## What you will do
Reprint the whole of the data exactly.

## Dataset entries
==================================================

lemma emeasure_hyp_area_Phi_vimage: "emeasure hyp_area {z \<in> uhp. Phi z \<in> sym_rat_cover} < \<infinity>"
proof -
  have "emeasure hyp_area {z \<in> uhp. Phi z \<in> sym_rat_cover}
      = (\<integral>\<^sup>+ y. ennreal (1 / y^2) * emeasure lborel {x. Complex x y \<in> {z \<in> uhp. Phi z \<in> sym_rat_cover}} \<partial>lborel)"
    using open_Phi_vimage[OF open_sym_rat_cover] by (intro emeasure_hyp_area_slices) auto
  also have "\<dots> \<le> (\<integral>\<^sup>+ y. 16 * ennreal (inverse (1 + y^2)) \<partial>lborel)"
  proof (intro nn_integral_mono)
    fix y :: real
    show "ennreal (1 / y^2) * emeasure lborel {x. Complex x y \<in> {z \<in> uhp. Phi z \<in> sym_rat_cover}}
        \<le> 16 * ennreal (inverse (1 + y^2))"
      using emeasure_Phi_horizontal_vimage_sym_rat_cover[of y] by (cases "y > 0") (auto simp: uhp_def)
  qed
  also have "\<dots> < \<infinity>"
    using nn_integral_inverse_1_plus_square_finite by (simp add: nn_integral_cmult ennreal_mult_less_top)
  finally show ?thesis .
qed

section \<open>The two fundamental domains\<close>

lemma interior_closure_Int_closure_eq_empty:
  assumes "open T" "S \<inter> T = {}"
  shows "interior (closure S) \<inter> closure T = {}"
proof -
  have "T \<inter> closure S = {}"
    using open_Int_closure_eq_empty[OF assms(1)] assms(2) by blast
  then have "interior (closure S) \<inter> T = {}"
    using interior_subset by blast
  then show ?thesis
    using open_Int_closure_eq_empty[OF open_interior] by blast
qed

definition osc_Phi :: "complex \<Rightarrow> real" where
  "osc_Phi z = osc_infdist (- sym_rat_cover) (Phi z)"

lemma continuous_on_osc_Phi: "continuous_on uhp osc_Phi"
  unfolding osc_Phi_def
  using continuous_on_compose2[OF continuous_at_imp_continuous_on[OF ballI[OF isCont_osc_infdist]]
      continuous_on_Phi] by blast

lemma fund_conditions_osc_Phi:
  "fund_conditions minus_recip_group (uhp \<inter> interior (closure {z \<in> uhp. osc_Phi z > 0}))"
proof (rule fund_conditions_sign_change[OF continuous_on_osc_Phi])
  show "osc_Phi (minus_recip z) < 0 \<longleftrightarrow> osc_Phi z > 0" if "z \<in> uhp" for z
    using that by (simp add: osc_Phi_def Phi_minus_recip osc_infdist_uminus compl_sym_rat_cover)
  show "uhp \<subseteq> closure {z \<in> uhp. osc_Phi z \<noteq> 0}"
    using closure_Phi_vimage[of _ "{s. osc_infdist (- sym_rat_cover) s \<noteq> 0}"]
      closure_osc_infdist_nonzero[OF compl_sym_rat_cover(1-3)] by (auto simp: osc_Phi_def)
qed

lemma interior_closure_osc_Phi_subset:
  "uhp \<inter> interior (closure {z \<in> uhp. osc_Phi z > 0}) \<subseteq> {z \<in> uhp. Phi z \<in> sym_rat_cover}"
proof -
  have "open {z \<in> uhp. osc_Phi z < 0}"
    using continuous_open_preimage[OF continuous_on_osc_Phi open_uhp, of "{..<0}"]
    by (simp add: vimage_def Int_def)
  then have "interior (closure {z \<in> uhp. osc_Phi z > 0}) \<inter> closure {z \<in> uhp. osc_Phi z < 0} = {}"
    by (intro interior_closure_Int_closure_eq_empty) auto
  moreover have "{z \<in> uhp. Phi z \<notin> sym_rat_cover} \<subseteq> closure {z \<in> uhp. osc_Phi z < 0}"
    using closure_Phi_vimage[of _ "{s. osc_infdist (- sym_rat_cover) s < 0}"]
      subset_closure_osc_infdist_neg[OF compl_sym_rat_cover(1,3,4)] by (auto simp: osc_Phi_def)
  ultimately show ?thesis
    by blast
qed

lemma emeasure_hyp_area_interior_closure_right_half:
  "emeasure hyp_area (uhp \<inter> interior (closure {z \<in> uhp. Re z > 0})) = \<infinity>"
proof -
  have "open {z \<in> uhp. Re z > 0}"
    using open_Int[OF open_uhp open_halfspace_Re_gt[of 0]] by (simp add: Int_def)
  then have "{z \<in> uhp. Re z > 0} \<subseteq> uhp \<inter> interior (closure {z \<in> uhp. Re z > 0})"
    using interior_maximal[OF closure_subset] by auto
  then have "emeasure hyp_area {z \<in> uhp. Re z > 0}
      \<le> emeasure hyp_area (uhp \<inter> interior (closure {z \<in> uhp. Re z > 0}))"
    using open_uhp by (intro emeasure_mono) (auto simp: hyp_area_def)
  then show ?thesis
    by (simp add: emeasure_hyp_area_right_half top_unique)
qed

==================================================

## Task result
lemma emeasure_hyp_area_Phi_vimage: "emeasure hyp_area {z \<in> uhp. Phi z \<in> sym_rat_cover} < \<infinity>"
proof -
  have "emeasure hyp_area {z \<in> uhp. Phi z \<in> sym_rat_cover}
      = (\<integral>\<^sup>+ y. ennreal (1 / y^2) * emeasure lborel {x. Complex x y \<in> {z \<in> uhp. Phi z \<in> sym_rat_cover}} \<partial>lborel)"
    using open_Phi_vimage[OF open_sym_rat_cover] by (intro emeasure_hyp_area_slices) auto
  also have "\<dots> \<le> (\<integral>\<^sup>+ y. 16 * ennreal (inverse (1 + y^2)) \<partial>lborel)"
  proof (intro nn_integral_mono)
    fix y :: real
    show "ennreal (1 / y^2) * emeasure lborel {x. Complex x y \<in> {z \<in> uhp. Phi z \<in> sym_rat_cover}}
        \<le> 16 * ennreal (inverse (1 + y^2))"
      using emeasure_Phi_horizontal_vimage_sym_rat_cover[of y] by (cases "y > 0") (auto simp: uhp_def)
  qed
  also have "\<dots> < \<infinity>"
    using nn_integral_inverse_1_plus_square_finite by (simp add: nn_integral_cmult ennreal_mult_less_top)
  finally show ?thesis .
qed

section \<open>The two fundamental domains\<close>

lemma interior_closure_Int_closure_eq_empty:
  assumes "open T" "S \<inter> T = {}"
  shows "interior (closure S) \<inter> closure T = {}"
proof -
  have "T \<inter> closure S = {}"
    using open_Int_closure_eq_empty[OF assms(1)] assms(2) by blast
  then have "interior (closure S) \<inter> T = {}"
    using interior_subset by blast
  then show ?thesis
    using open_Int_closure_eq_empty[OF open_interior] by blast
qed

definition osc_Phi :: "complex \<Rightarrow> real" where
  "osc_Phi z = osc_infdist (- sym_rat_cover) (Phi z)"

lemma continuous_on_osc_Phi: "continuous_on uhp osc_Phi"
  unfolding osc_Phi_def
  using continuous_on_compose2[OF continuous_at_imp_continuous_on[OF ballI[OF isCont_osc_infdist]]
      continuous_on_Phi] by blast

lemma fund_conditions_osc_Phi:
  "fund_conditions minus_recip_group (uhp \<inter> interior (closure {z \<in> uhp. osc_Phi z > 0}))"
proof (rule fund_conditions_sign_change[OF continuous_on_osc_Phi])
  show "osc_Phi (minus_recip z) < 0 \<longleftrightarrow> osc_Phi z > 0" if "z \<in> uhp" for z
    using that by (simp add: osc_Phi_def Phi_minus_recip osc_infdist_uminus compl_sym_rat_cover)
  show "uhp \<subseteq> closure {z \<in> uhp. osc_Phi z \<noteq> 0}"
    using closure_Phi_vimage[of _ "{s. osc_infdist (- sym_rat_cover) s \<noteq> 0}"]
      closure_osc_infdist_nonzero[OF compl_sym_rat_cover(1-3)] by (auto simp: osc_Phi_def)
qed

lemma interior_closure_osc_Phi_subset:
  "uhp \<inter> interior (closure {z \<in> uhp. osc_Phi z > 0}) \<subseteq> {z \<in> uhp. Phi z \<in> sym_rat_cover}"
proof -
  have "open {z \<in> uhp. osc_Phi z < 0}"
    using continuous_open_preimage[OF continuous_on_osc_Phi open_uhp, of "{..<0}"]
    by (simp add: vimage_def Int_def)
  then have "interior (closure {z \<in> uhp. osc_Phi z > 0}) \<inter> closure {z \<in> uhp. osc_Phi z < 0} = {}"
    by (intro interior_closure_Int_closure_eq_empty) auto
  moreover have "{z \<in> uhp. Phi z \<notin> sym_rat_cover} \<subseteq> closure {z \<in> uhp. osc_Phi z < 0}"
    using closure_Phi_vimage[of _ "{s. osc_infdist (- sym_rat_cover) s < 0}"]
      subset_closure_osc_infdist_neg[OF compl_sym_rat_cover(1,3,4)] by (auto simp: osc_Phi_def)
  ultimately show ?thesis
    by blast
qed

lemma emeasure_hyp_area_interior_closure_right_half:
  "emeasure hyp_area (uhp \<inter> interior (closure {z \<in> uhp. Re z > 0})) = \<infinity>"
proof -
  have "open {z \<in> uhp. Re z > 0}"
    using open_Int[OF open_uhp open_halfspace_Re_gt[of 0]] by (simp add: Int_def)
  then have "{z \<in> uhp. Re z > 0} \<subseteq> uhp \<inter> interior (closure {z \<in> uhp. Re z > 0})"
    using interior_maximal[OF closure_subset] by auto
  then have "emeasure hyp_area {z \<in> uhp. Re z > 0}
      \<le> emeasure hyp_area (uhp \<inter> interior (closure {z \<in> uhp. Re z > 0}))"
    using open_uhp by (intro emeasure_mono) (auto simp: hyp_area_def)
  then show ?thesis
    by (simp add: emeasure_hyp_area_right_half top_unique)
qed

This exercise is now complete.